Nineteen Sicilian men were brought to trial for the murder of Police Chief Hennessy, but using an old Mafia trick, the local gangsters bribed and intimidated the witnesses and the jury. The frightened jurors found sixteen of the accused not guilty, and couldn’t come to a verdict on the other three, including the two kingpins, Matranga and Macheca, who would have to stand trial again.

Although it is highly likely that the Mafia murdered Police Chief Hennessy, the fiasco of the trial and subsequent chaos and carnage overshadowed the quest for justice. The case is still officially listed as unsolved.

Lynch Mob

The jury verdicts created an uproar in the city of New Orleans. The aftermath of the verdict coincided with an Italian holiday. The leader of Italy, King Umberto the First, was a hero who had unified the country. The Italians in New Orleans flew flags and were engaged in a festive celebration. Whether the non-Italians in the city thought the party atmosphere was a celebration of the verdict or they simply did not like the pomp and parades immediately after their police chief’s killers did not meet the justice they felt was their due, they were incensed, and protests broke out.

Did the New Orleans family run Dallas?

Yes, they did. Though considered a separate family, Dallas crime boss Joe Civello was a native of Baton Rouge, Louisiana, and a close ally of Carlos Marcello, as was his successor Joe Campisi. The New Orleans family also held sway over Galveston through the Maceo brothers.

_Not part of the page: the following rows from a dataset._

lemma line_eqI:
  fixes p q x y :: complex
  assumes "p \<noteq> q" "p \<in> line x y" "q \<in> line x y"
  shows "line p q = line x y"
proof -
  have "x \<noteq> y"
    using assms by (auto simp: line_def)
  have "line p q \<subseteq> line x y"
    using assms unfolding line_def by (intro hull_minimal) (auto simp: affine_affine_hull)
  then show ?thesis
    using assms(1) \<open>x \<noteq> y\<close> unfolding line_def
    by (intro affine_dim_equal) (auto simp: affine_affine_hull)
qed

definition tangents_meet :: "complex \<Rightarrow> complex \<Rightarrow> complex" where
  "tangents_meet u v = 2 * u * v / (u + v)"

lemma cnj_eq_inverse_if_unit:
  fixes u :: complex
  assumes "cmod u = 1"
  shows "cnj u = 1 / u"
proof -
  have "u * cnj u = 1"
    using assms by (simp flip: complex_norm_square)
  then show ?thesis
    by (simp add: eq_divide_eq mult.commute)
qed

lemma eq_tangents_meet:
  fixes z u v :: complex and \<rho> :: real
  assumes "cmod u = 1" "cmod v = 1" "u \<noteq> v" "u + v \<noteq> 0"
    and "inner z u = \<rho>" "inner z v = \<rho>"
  shows "z = \<rho> * tangents_meet u v"
proof -
  have "u \<noteq> 0" "v \<noteq> 0"
    using assms(1,2) by auto
  have "z * cnj u + cnj z * u = 2 * \<rho>" "z * cnj v + cnj z * v = 2 * \<rho>"
    using assms(5,6) by (simp_all add: inner_eq_iff_cnj)
  then have "z + cnj z * u\<^sup>2 = 2 * \<rho> * u" "z + cnj z * v\<^sup>2 = 2 * \<rho> * v"
    using \<open>u \<noteq> 0\<close> \<open>v \<noteq> 0\<close> assms(1,2)
    by (simp_all add: cnj_eq_inverse_if_unit field_simps power2_eq_square)
  then have "(v - u) * (z * (u + v)) = (v - u) * (2 * \<rho> * u * v)"
    by algebra
  then have "z * (u + v) = 2 * \<rho> * u * v"
    using assms(3) by simp
  then show ?thesis
    using assms(4) by (simp add: tangents_meet_def eq_divide_eq)
qed

lemma sgn_neq_if_not_collinear:
  fixes u v :: complex
  assumes "\<not> collinear {0, u, v}"
  shows "sgn u \<noteq> sgn v" and "sgn u + sgn v \<noteq> 0"
proof -
  have "u \<noteq> 0"
    using assms by auto
  then have ratio: "v / u = of_real (cmod v / cmod u) * (sgn v / sgn u)"
    by (simp add: sgn_eq)
  have "v / u \<notin> \<real>"
    using assms collinear_iff_Reals by blast
  then show "sgn u \<noteq> sgn v" "sgn u + sgn v \<noteq> 0"
    using ratio \<open>u \<noteq> 0\<close> by (auto simp: sgn_zero_iff add_eq_0_iff split: if_splits)
qed

lemma cnj_tangents_meet:
  fixes u v :: complex
  assumes "cmod u = 1" "cmod v = 1" "u + v \<noteq> 0"
  shows "cnj (tangents_meet u v) = 2 / (u + v)"
proof -
  have "u \<noteq> 0" "v \<noteq> 0"
    using assms(1,2) by auto
  then show ?thesis
    using assms by (simp add: tangents_meet_def cnj_eq_inverse_if_unit field_simps)
qed

lemma not_collinear_tangents_meet_0:
  fixes u v w :: complex
  assumes "cmod u = 1" "cmod v = 1" "cmod w = 1" "u \<noteq> w" "u + v \<noteq> 0" "v + w \<noteq> 0"
  shows "\<not> collinear {tangents_meet u v, 0, tangents_meet v w}"
proof
  define b c where "b = tangents_meet u v" and "c = tangents_meet v w"
  assume "collinear {tangents_meet u v, 0, tangents_meet v w}"
  then have "Im (cnj b * c) = 0"
    by (simp add: b_def c_def insert_commute collinear_iff_Im_cnj_mult)
  then have "b * cnj c = cnj b * c"
    by (metis complex_cnj_cnj complex_cnj_mult complex_is_Real_iff Reals_cnj_iff)
  moreover have "b * (u + v) = 2 * u * v" "c * (v + w) = 2 * v * w"
    using assms(5,6) by (simp_all add: b_def c_def tangents_meet_def)
  moreover have "cnj b = 2 / (u + v)" "cnj c = 2 / (v + w)"
    using assms by (simp_all add: b_def c_def cnj_tangents_meet)
  then have "cnj b * (u + v) = 2" "cnj c * (v + w) = 2"
    using assms(5,6) by (simp_all add: field_simps)
  ultimately have "4 * v * (u - w) = 0"
    by algebra
  moreover have "v \<noteq> 0"
    using assms(2) by auto
  ultimately show False
    using assms(4) by simp
qed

Thousands of people assembled at City Hall. They listened to a lot of inflammatory rhetoric from several notable citizens, one of whom flat out exhorted the throng to take the law into their own hands. The crowd raided the city armory and proceeded to the prison where the Mafiosi were being held. The prison warden let the Italians out of their cells so the rioters could get to them.

Bastille Day Redux

The angry mob barreled into the prison looking for the Mafiosi. Top man Joseph Macheca was shot dead. Six other men were also rounded up and shot. Manuel Polizzi was dragged from the prison and lynched. Several members of the lynch mob shot him as he writhed at the end of the rope. A total of sixteen men were killed that day. Two of them had no mob connections at all. They were executed simply for being Sicilian. In a stroke of luck for the Mafia, its leader, Charles Matranga, the man who had orchestrated the murder of the police chief, survived the mob’s bloodlust. He had been able to successfully hide during the carnage.

We will never be sure whether it was a less-than-airtight case by the prosecution or Mafia intimidation that resulted in the charges against the accused being dismissed or mistrials declared and defendants found not guilty. No matter which side you take in these tragic events, justice was not served.